### Work instructions
Copy exactly, please, each line of the data below until the line that contains "u. d \<in> A" has been copied, beginning at the top.

Start of Dataset content

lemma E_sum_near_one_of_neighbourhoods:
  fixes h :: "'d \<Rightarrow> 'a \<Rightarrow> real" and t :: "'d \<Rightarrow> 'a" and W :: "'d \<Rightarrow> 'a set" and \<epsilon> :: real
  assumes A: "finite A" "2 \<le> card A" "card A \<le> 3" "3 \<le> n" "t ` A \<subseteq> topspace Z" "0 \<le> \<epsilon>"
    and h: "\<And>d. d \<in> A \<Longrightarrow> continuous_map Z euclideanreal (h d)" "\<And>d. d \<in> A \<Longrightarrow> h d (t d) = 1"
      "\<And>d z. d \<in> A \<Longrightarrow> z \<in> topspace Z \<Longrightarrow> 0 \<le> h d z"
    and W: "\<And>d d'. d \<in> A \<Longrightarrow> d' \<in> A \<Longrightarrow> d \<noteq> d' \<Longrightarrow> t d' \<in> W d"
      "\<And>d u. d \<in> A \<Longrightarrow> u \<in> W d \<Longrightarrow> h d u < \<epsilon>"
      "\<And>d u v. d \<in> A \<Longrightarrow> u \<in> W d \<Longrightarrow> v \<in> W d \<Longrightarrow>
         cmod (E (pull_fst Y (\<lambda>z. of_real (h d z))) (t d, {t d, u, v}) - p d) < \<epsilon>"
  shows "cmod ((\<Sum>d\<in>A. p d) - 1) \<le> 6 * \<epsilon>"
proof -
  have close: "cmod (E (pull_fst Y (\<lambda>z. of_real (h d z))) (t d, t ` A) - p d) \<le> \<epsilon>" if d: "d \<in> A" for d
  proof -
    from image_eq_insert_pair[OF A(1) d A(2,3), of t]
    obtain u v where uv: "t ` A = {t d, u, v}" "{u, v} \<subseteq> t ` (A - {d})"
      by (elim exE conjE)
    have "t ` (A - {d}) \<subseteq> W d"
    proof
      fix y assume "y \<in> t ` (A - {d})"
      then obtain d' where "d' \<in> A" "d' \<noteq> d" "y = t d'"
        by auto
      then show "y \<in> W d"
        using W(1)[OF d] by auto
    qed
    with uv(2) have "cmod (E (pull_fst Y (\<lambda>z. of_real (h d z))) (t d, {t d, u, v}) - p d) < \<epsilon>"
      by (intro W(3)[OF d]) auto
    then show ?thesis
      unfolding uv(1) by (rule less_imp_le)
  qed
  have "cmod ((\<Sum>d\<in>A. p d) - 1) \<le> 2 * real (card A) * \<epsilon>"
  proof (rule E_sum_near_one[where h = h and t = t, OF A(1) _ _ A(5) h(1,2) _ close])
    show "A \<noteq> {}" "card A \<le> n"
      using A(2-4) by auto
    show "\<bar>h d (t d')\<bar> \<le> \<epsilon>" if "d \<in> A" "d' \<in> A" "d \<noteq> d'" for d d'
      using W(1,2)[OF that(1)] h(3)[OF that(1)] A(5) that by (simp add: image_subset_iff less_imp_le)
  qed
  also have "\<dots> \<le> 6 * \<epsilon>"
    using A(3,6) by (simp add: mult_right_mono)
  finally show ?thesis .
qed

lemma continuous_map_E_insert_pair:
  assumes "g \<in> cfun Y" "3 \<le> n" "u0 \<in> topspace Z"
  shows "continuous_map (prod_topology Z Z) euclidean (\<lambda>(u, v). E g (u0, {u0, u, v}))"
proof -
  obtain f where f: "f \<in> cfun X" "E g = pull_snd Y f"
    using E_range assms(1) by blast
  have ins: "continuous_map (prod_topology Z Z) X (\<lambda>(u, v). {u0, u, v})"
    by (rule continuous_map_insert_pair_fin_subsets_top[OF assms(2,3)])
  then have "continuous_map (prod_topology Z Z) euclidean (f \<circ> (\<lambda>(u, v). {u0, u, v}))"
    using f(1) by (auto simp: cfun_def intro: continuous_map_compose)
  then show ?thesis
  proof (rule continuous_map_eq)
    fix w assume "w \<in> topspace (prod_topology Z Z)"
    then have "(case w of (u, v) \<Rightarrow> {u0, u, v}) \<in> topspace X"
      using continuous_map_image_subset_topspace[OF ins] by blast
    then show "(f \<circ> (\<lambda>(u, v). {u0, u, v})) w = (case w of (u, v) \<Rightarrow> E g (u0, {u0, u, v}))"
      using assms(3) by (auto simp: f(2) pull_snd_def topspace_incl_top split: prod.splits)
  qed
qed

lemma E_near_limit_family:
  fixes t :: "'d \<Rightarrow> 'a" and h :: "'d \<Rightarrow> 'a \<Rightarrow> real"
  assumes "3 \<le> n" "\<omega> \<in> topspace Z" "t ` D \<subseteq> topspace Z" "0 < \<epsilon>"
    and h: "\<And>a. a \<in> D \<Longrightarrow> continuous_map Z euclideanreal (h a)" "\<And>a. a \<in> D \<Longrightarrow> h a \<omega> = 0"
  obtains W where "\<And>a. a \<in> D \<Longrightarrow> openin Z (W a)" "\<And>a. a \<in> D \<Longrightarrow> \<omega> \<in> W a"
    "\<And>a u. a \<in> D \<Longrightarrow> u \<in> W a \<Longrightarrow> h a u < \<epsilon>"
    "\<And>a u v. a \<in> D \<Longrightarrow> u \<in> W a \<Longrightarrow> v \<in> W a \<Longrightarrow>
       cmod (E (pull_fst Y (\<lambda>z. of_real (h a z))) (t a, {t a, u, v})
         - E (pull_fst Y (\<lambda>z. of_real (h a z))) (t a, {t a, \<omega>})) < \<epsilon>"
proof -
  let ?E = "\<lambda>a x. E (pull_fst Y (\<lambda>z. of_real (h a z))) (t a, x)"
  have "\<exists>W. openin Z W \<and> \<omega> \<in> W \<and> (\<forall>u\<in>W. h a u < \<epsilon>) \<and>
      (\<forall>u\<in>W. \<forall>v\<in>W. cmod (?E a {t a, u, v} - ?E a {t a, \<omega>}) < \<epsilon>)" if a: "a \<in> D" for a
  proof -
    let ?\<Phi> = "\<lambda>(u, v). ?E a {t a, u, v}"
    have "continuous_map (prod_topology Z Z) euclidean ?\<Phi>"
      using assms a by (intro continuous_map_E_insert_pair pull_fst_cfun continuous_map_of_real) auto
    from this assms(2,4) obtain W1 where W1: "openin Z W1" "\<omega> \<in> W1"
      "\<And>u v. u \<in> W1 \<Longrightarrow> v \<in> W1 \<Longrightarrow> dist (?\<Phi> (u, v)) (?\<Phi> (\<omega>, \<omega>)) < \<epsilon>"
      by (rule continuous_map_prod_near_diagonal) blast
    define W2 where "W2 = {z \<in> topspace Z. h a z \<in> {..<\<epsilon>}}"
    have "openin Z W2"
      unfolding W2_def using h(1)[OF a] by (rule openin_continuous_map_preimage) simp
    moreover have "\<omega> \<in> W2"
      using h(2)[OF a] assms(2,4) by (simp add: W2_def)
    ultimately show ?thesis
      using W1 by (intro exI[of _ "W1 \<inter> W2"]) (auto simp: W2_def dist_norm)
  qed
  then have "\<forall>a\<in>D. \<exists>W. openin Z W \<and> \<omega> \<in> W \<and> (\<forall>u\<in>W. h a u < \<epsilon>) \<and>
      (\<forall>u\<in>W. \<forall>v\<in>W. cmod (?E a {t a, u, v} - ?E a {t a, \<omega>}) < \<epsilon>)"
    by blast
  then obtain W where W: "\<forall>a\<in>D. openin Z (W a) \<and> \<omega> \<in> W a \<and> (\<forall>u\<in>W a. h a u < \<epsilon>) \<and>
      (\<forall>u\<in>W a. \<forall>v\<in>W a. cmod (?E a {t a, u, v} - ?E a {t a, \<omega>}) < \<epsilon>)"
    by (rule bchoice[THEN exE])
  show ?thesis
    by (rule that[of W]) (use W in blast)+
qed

End of Dataset content

### Solution for this problem
lemma E_sum_near_one_of_neighbourhoods:
  fixes h :: "'d \<Rightarrow> 'a \<Rightarrow> real" and t :: "'d \<Rightarrow> 'a" and W :: "'d \<Rightarrow> 'a set" and \<epsilon> :: real
  assumes A: "finite A" "2 \<le> card A" "card A \<le> 3" "3 \<le> n" "t ` A \<subseteq> topspace Z" "0 \<le> \<epsilon>"
    and h: "\<And>d. d \<in> A \<Longrightarrow> continuous_map Z euclideanreal (h d)" "\<And>d. d \<in> A \<Longrightarrow> h d (t d) = 1"
      "\<And>d z. d \<in> A \<Longrightarrow> z \<in> topspace Z \<Longrightarrow> 0 \<le> h d z"
    and W: "\<And>d d'. d \<in> A \<Longrightarrow> d' \<in> A \<Longrightarrow> d \<noteq> d' \<Longrightarrow> t d' \<in> W d"
      "\<And>d u. d \<in> A \<Longrightarrow> u \<in> W d \<Longrightarrow> h d u < \<epsilon>"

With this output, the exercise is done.